When you finish a novel, what do you feel? Relief, exasperation etc?

Anticipation. That’s when the hard work really begins, after all, because then you have to convince the world that what you’ve spent so much energy and love creating is worth their hard-earned money and limited free time. That’s no easy feat. I’m not the most patient person in the world and I find myself within hours of publication wondering why I haven’t yet sold a million copies. In between those moments, I’m thinking about the next book.

If the novel had a soundtrack, what would the theme song be?


I’d love to return to this question because it deserves more thought than I can give. This one isn’t an off-the-cuff, I already know the answer sort of thing. Wow. I’d like to think about this.



Q 18:

Does an alligator eat Bart Levine?

No. Never. He doesn’t deserve that sort of thing. Bart just needs love. He’s really a lot like you and me.


Q 19:

What made you decide to work with Cosmographia Books?
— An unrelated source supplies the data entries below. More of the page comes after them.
theorem proposition5:
  fixes M m :: nat and a b :: "complex vec"
  assumes M: "M = 2 ^ m"
    and a: "a \<in> carrier_vec M" and b: "b \<in> carrier_vec M"
    and nz: "a @\<^sub>v b \<noteq> 0\<^sub>v (2 * M)"
    and eig: "\<forall>h \<in> carrier_vec (4 * M). \<exists>c. eigenvector (T1 (4 * M) h) (a @\<^sub>v b) c"
  shows "\<forall>g \<in> carrier_vec (8 * M).
           (\<exists>c. eigenvector (T1 (8 * M) g)
                  ((1 / complex_of_real (sqrt 2)) \<cdot>\<^sub>v (a @\<^sub>v b @\<^sub>v b @\<^sub>v - a)) c) \<and>
           (\<exists>c. eigenvector (T1 (8 * M) g)
                  ((1 / complex_of_real (sqrt 2)) \<cdot>\<^sub>v (a @\<^sub>v b @\<^sub>v - b @\<^sub>v a)) c)"
proof (intro ballI conjI)
  fix g :: "complex vec"
  have K: "2 * M = 2 ^ (m + 1)" and dims: "2 * (2 * M) = 4 * M" "4 * (2 * M) = 8 * M"
    using M by simp_all
  have v: "a @\<^sub>v b \<in> carrier_vec (2 * M)" using a b by (simp add: mult_2)
  have T1_carrier: "T1 (8 * M) g \<in> carrier_mat (4 * M) (4 * M)"
    using T1_pow2_carrier[of "Suc (Suc m)" g] M by simp
  have lifted: "\<exists>c. eigenvector (T1 (8 * M) g)
      ((1 / complex_of_real (sqrt 2)) \<cdot>\<^sub>v (a @\<^sub>v b @\<^sub>v s \<cdot>\<^sub>v (b @\<^sub>v - a))) c"
    if s: "s \<in> {1, -1}" for s
  proof -
    have "symplectic_mat (2 ^ m) *\<^sub>v (a @\<^sub>v b) = b @\<^sub>v - a"
      using symplectic_mat_mult_vec a b M by simp
    with T1_eigenvector_lift[OF K v nz s, unfolded dims, OF eig]
    obtain c where "eigenvector (T1 (8 * M) g) ((a @\<^sub>v b) @\<^sub>v s \<cdot>\<^sub>v (b @\<^sub>v - a)) c"
      by auto
    then show ?thesis
      by (intro exI[of _ c] eigenvector_smult[OF T1_carrier]) (simp_all add: append_vec_assoc)
  qed
  show "\<exists>c. eigenvector (T1 (8 * M) g)
      ((1 / complex_of_real (sqrt 2)) \<cdot>\<^sub>v (a @\<^sub>v b @\<^sub>v b @\<^sub>v - a)) c"
    using lifted[of 1] by simp
  have "(- 1) \<cdot>\<^sub>v (b @\<^sub>v - a) = - b @\<^sub>v a" by (rule eq_vecI) auto
  then show "\<exists>c. eigenvector (T1 (8 * M) g)
      ((1 / complex_of_real (sqrt 2)) \<cdot>\<^sub>v (a @\<^sub>v b @\<^sub>v - b @\<^sub>v a)) c"
    using lifted[of "- 1"] by simp
qed

end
I first met Nina through Dream Your Book, when she took me on as a client and edited my book. I was very quick to trust her (a bit unusual for me) and I immediately felt drawn to her style. She made me feel like she “got” my characters, which is really important to me because I develop rather strong maternal instincts toward all of them - even the undesirables. Nina’s intuition impressed me from the beginning and I appreciated the way she “saw” my book. I almost reluctantly went into the editing process, but came out the other side a true believer. Nina’s grasp of the craft of writing, her keen sense of pacing and character development, and her honesty sold me. Hook, line, and sinker. (See what I did there?) When I pitched the idea of Cosmographia publishing the book, she declined. I was really disappointed but understood that I didn’t really fit into her niche. Fortunately for me (and I’d like to think for my readers), Cosmographia has morphed and its boundaries reflect that. I’m honored to be among their publications.


Q 20:

What drink do you recommend to go with Island Chains?

A cold beer or a margarita with salt and rocks. A shot of patron also works.


Q 21:

Without too many spoilers, what is one of your favorite moments in the novel?
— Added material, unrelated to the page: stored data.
lemma sgt2_loss_pointwise_bounds:
  fixes P :: "'s::finite \<Rightarrow> 'act::finite \<Rightarrow> 's \<Rightarrow> real"
  assumes P: "transition_kernel P" and "\<beta> > 0"
    and L: "sgt2_loss P r \<gamma> \<beta> Qa Qb \<le> \<epsilon>"
  shows "\<bar>bellman P r \<gamma> Qb s a - Qa s a\<bar> \<le> sqrt (\<epsilon> * real CARD('s) * real CARD('act))"
    and "\<bar>Qb s a - Qa s a\<bar> \<le> sqrt (2 * \<epsilon> * real CARD('s) * real CARD('act) / \<beta>)"
proof -
  define N where "N = real CARD('s) * real CARD('act)"
  define residual where "residual = (\<Sum>s'\<in>UNIV. P s a s' * (r s a s' + \<gamma> * maxQ Qb s' - Qa s a)\<^sup>2)"
  define coupling where "coupling = (\<beta> / 2) * (Qb s a - Qa s a)\<^sup>2"
  have "(\<Sum>s'\<in>UNIV. P s a s' * ((r s a s' + \<gamma> * maxQ Qb s' - Qa s a)\<^sup>2 + coupling))
      = residual + coupling * (\<Sum>s'\<in>UNIV. P s a s')"
    unfolding residual_def by (simp add: algebra_simps sum.distrib sum_distrib_left)
  then have "residual + coupling
      = (\<Sum>s'\<in>UNIV. P s a s' * ((r s a s' + \<gamma> * maxQ Qb s' - Qa s a)\<^sup>2 + (\<beta> / 2) * (Qb s a - Qa s a)\<^sup>2))"
    using transition_kernelD(2)[OF P, of s a] unfolding coupling_def by simp
  also have "\<dots> \<le> N * sgt2_loss P r \<gamma> \<beta> Qa Qb"
    unfolding sgt2_loss_def N_def using \<open>\<beta> > 0\<close> by (intro kernel_mean_le_expect_sas[OF P]) simp
  also have "\<dots> \<le> \<epsilon> * N"
    using L by (simp add: N_def mult.commute)
  finally have sum_le: "residual + coupling \<le> \<epsilon> * N" .
  have "residual \<ge> 0"
    unfolding residual_def using transition_kernelD(1)[OF P] by (intro sum_nonneg) auto
  moreover have "coupling \<ge> 0"
    unfolding coupling_def using \<open>\<beta> > 0\<close> by simp
  moreover have "(bellman P r \<gamma> Qb s a - Qa s a)\<^sup>2 \<le> residual"
    unfolding residual_def by (rule square_bellman_residual_le[OF P])
  ultimately have residual_le: "\<bar>bellman P r \<gamma> Qb s a - Qa s a\<bar>\<^sup>2 \<le> \<epsilon> * N"
    and coupling_le: "coupling \<le> \<epsilon> * N"
    using sum_le by simp_all
  from coupling_le have "\<bar>Qb s a - Qa s a\<bar>\<^sup>2 \<le> 2 * \<epsilon> * N / \<beta>"
    using \<open>\<beta> > 0\<close> unfolding coupling_def by (simp add: field_simps)
  with residual_le
  show "\<bar>bellman P r \<gamma> Qb s a - Qa s a\<bar> \<le> sqrt (\<epsilon> * real CARD('s) * real CARD('act))"
    and "\<bar>Qb s a - Qa s a\<bar> \<le> sqrt (2 * \<epsilon> * real CARD('s) * real CARD('act) / \<beta>)"
    unfolding N_def by (simp_all add: real_le_rsqrt mult.assoc)
qed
Patti: That brief moment when Emma is reunited with Bart in Mariner’s Hospital.



Q 22:

Who would you cast as the characters in a movie?

Nina: So, as a laugh, I made a who-would-I-cast moral alignment chart for Island Chains. Here it is in all its glory.


Q 23:

Is there any advice you have for writers who want to write suspense?
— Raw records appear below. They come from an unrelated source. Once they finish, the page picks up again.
(* For each GES $\gamma=(E,\#,\to,\lhd)$ there is an RCES $\rho$ (over the same event set $E$) such that $\gamma$ and $\rho$ are transition equivalent.
   Context: GES: $\gamma=(E,\#,\to,\lhd)$ with $\#\subseteq E^2$ irreflexive symmetric, $\to\subseteq E^2$ a binary relation (initial causality), $\lhd\subseteq E^3$ where $(c,m,t)\in\lhd$ means "$m$ adds $c$ as a cause of $t$", requiring $\neg(c\to t)$. $\mathrm{ic}(e)=\{e'\mid e'\to e\}$, $\mathrm{ac}(H,e)=\{e'\mid\exists a\in H.(e',a,e)\in\lhd\}$. For $X,Y\subseteq E$, $X\to_g Y$ iff $X\subseteq Y$, $\neg(e\#e')$ for all $e,e'\in Y$, $\mathrm{ic}(e)\cup\mathrm{ac}(X,e)\subseteq X$ for all $e\in Y\setminus X$, and for all $t,m\in Y\setminus X$ and $c\in E$, $(c,m,t)\in\lhd$ implies $c\in X$. RCES: a pair $\rho=(E,\vdash)$ with $\vdash\subseteq 2^E\times 2^E$; for $X,Y\subseteq E$, $X\to_{rc}Y$ iff $X\subseteq Y$ and for every $Z\subseteq Y$ there is $W\subseteq X$ with $W\vdash Z$. For an event structure $\mu$ with transition relation $\to_\mu$ on subsets of its events, $\mathcal{C}(\mu)$ is the set of sets reachable from $\emptyset$ by finitely many $\to_\mu$-steps. Two such structures $\mu,\mu'$ are transition equivalent iff $\mathcal{C}(\mu)=\mathcal{C}(\mu')$ and for all $X,Y\in\mathcal{C}(\mu)$: $X\to_\mu Y$ iff $X\to_{\mu'}Y$. *)

theory Defs
  imports Main
begin

text \<open>A GES over event set E: conflict relation C, initial causality R,
  adding relation A, where (c,m,t) in A means m adds c as a cause of t.\<close>

definition is_GES :: "'a set \<Rightarrow> ('a \<times> 'a) set \<Rightarrow> ('a \<times> 'a) set \<Rightarrow> ('a \<times> 'a \<times> 'a) set \<Rightarrow> bool" where
  "is_GES E C R A \<longleftrightarrow>
     C \<subseteq> E \<times> E \<and> irrefl C \<and> sym C \<and>
     R \<subseteq> E \<times> E \<and> A \<subseteq> E \<times> E \<times> E \<and>
     (\<forall>c m t. (c, m, t) \<in> A \<longrightarrow> (c, t) \<notin> R)"

definition ic :: "('a \<times> 'a) set \<Rightarrow> 'a \<Rightarrow> 'a set" where
  "ic R e = {e'. (e', e) \<in> R}"

definition ac :: "('a \<times> 'a \<times> 'a) set \<Rightarrow> 'a set \<Rightarrow> 'a \<Rightarrow> 'a set" where
  "ac A H e = {e'. \<exists>a\<in>H. (e', a, e) \<in> A}"

definition ges_trans :: "'a set \<Rightarrow> ('a \<times> 'a) set \<Rightarrow> ('a \<times> 'a) set \<Rightarrow> ('a \<times> 'a \<times> 'a) set
    \<Rightarrow> 'a set \<Rightarrow> 'a set \<Rightarrow> bool" where
  "ges_trans E C R A X Y \<longleftrightarrow>
     X \<subseteq> E \<and> Y \<subseteq> E \<and> X \<subseteq> Y \<and>
     (\<forall>e\<in>Y. \<forall>e'\<in>Y. (e, e') \<notin> C) \<and>
     (\<forall>e\<in>Y - X. ic R e \<union> ac A X e \<subseteq> X) \<and>
     (\<forall>t\<in>Y - X. \<forall>m\<in>Y - X. \<forall>c. (c, m, t) \<in> A \<longrightarrow> c \<in> X)"

definition is_RCES :: "'a set \<Rightarrow> ('a set \<times> 'a set) set \<Rightarrow> bool" where
  "is_RCES E V \<longleftrightarrow> V \<subseteq> Pow E \<times> Pow E"

definition rc_trans :: "'a set \<Rightarrow> ('a set \<times> 'a set) set \<Rightarrow> 'a set \<Rightarrow> 'a set \<Rightarrow> bool" where
  "rc_trans E V X Y \<longleftrightarrow>
     X \<subseteq> E \<and> Y \<subseteq> E \<and> X \<subseteq> Y \<and>
     (\<forall>Z. Z \<subseteq> Y \<longrightarrow> (\<exists>W. W \<subseteq> X \<and> (W, Z) \<in> V))"

definition configs :: "('a set \<Rightarrow> 'a set \<Rightarrow> bool) \<Rightarrow> 'a set set" where
  "configs T = {Y. T\<^sup>*\<^sup>* {} Y}"

definition trans_equiv :: "('a set \<Rightarrow> 'a set \<Rightarrow> bool) \<Rightarrow> ('a set \<Rightarrow> 'a set \<Rightarrow> bool) \<Rightarrow> bool" where
  "trans_equiv T T' \<longleftrightarrow> configs T = configs T' \<and>
     (\<forall>X\<in>configs T. \<forall>Y\<in>configs T. T X Y \<longleftrightarrow> T' X Y)"

end

theory Submission
  imports Defs
begin

text \<open>Let W enable Z when Z is conflict-free and every event of Z outside W has its initial
  causes, and all causes added to it by events of Z, inside W. For a step X \<subseteq> Y one may take
  W = X for every Z \<subseteq> Y: an added cause of e \<in> Y - X contributed by a modifier m \<in> Z lies in X
  whether m \<in> X (by the ic/ac condition) or m \<in> Y - X (by the last GES condition). Conversely
  the single enabling of Z = Y recovers all GES conditions, so both structures have the same
  transition relation.\<close>

definition ges_enabling :: "'a set \<Rightarrow> ('a \<times> 'a) set \<Rightarrow> ('a \<times> 'a) set \<Rightarrow> ('a \<times> 'a \<times> 'a) set
    \<Rightarrow> ('a set \<times> 'a set) set" where
  "ges_enabling E C R A = {(W, Z). W \<subseteq> E \<and> Z \<subseteq> E \<and> (\<forall>e\<in>Z. \<forall>e'\<in>Z. (e, e') \<notin> C) \<and>
     (\<forall>e\<in>Z - W. ic R e \<subseteq> W \<and> ac A Z e \<subseteq> W)}"

lemma is_RCES_ges_enabling: "is_RCES E (ges_enabling E C R A)"
  unfolding is_RCES_def ges_enabling_def by auto

lemma ac_mono: "X \<subseteq> Y \<Longrightarrow> ac A X e \<subseteq> ac A Y e"
  unfolding ac_def by auto

lemma rc_trans_ges_enabling_imp_ges_trans:
  assumes "rc_trans E (ges_enabling E C R A) X Y"
  shows "ges_trans E C R A X Y"
proof -
  from assms have XY: "X \<subseteq> E" "Y \<subseteq> E" "X \<subseteq> Y"
    unfolding rc_trans_def by auto
  from assms obtain W where "W \<subseteq> X" and W: "(W, Y) \<in> ges_enabling E C R A"
    unfolding rc_trans_def by blast
  have causes: "ic R e \<subseteq> X" "ac A Y e \<subseteq> X" if "e \<in> Y - X" for e
  proof -
    have "e \<in> Y - W" using that \<open>W \<subseteq> X\<close> by blast
    then show "ic R e \<subseteq> X" "ac A Y e \<subseteq> X"
      using W \<open>W \<subseteq> X\<close> unfolding ges_enabling_def by blast+
  qed
  have "ic R e \<union> ac A X e \<subseteq> X" if "e \<in> Y - X" for e
    using causes[OF that] ac_mono[OF \<open>X \<subseteq> Y\<close>] by blast
  moreover have "c \<in> X" if "t \<in> Y - X" "m \<in> Y - X" "(c, m, t) \<in> A" for t m c
    using causes(2)[OF that(1)] that(2,3) unfolding ac_def by blast
  moreover have "\<forall>e\<in>Y. \<forall>e'\<in>Y. (e, e') \<notin> C"
    using W unfolding ges_enabling_def by auto
  ultimately show ?thesis
    using XY unfolding ges_trans_def by blast
qed

lemma ges_trans_imp_rc_trans_ges_enabling:
  assumes g: "ges_trans E C R A X Y"
  shows "rc_trans E (ges_enabling E C R A) X Y"
proof -
  have "(X, Z) \<in> ges_enabling E C R A" if "Z \<subseteq> Y" for Z
  proof -
    have "ac A Z e \<subseteq> X" if e: "e \<in> Z - X" for e
    proof
      fix c assume "c \<in> ac A Z e"
      then obtain m where m: "m \<in> Z" "(c, m, e) \<in> A" unfolding ac_def by auto
      have "e \<in> Y - X" using e \<open>Z \<subseteq> Y\<close> by auto
      show "c \<in> X"
      proof (cases "m \<in> X")
        case True
        then have "c \<in> ac A X e" using m unfolding ac_def by auto
        then show ?thesis using g \<open>e \<in> Y - X\<close> unfolding ges_trans_def by blast
      next
        case False
        then have "m \<in> Y - X" using m \<open>Z \<subseteq> Y\<close> by auto
        then show ?thesis using g \<open>e \<in> Y - X\<close> m unfolding ges_trans_def by blast
      qed
    qed
    then show ?thesis
      using g \<open>Z \<subseteq> Y\<close> unfolding ges_trans_def ges_enabling_def by blast
  qed
  then show ?thesis
    using g unfolding ges_trans_def rc_trans_def by blast
qed

lemma rc_trans_ges_enabling: "rc_trans E (ges_enabling E C R A) = ges_trans E C R A"
  using rc_trans_ges_enabling_imp_ges_trans ges_trans_imp_rc_trans_ges_enabling by blast

lemma trans_equiv_refl: "trans_equiv T T"
  unfolding trans_equiv_def by blast

theorem lemma14:
  fixes E :: "'a set" and C R :: "('a \<times> 'a) set" and A :: "('a \<times> 'a \<times> 'a) set"
  assumes "is_GES E C R A"
  shows "\<exists>V. is_RCES E V \<and> trans_equiv (ges_trans E C R A) (rc_trans E V)"
  using is_RCES_ges_enabling rc_trans_ges_enabling trans_equiv_refl by metis

end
I don’t feel qualified to give advice, except to just do it. Write.


Q 24:

Any unusual rituals you do before or after finishing writing a novel?

They aren’t unusual to me! I light a special candle and pour a bit of something to the gods as soon as I decide I’m done. I thank those/that which gave inspiration and I send loving energy to those, who like Bart, really need to find the light.


Q 25:

What do you want your readers to come away with when they finish the novel?

First and foremost; a smile. Then I’d like them to walk away with a bit more awareness of human trafficking. Not to the point where it consumes them, but just enough of an awareness so that if it stared them in the face, they’d recognize it and do something about it. Then, once we’ve righted all of the wrongs on this planet, I’d like readers to be hungry for my next novel. I hope that’s not too much to ask.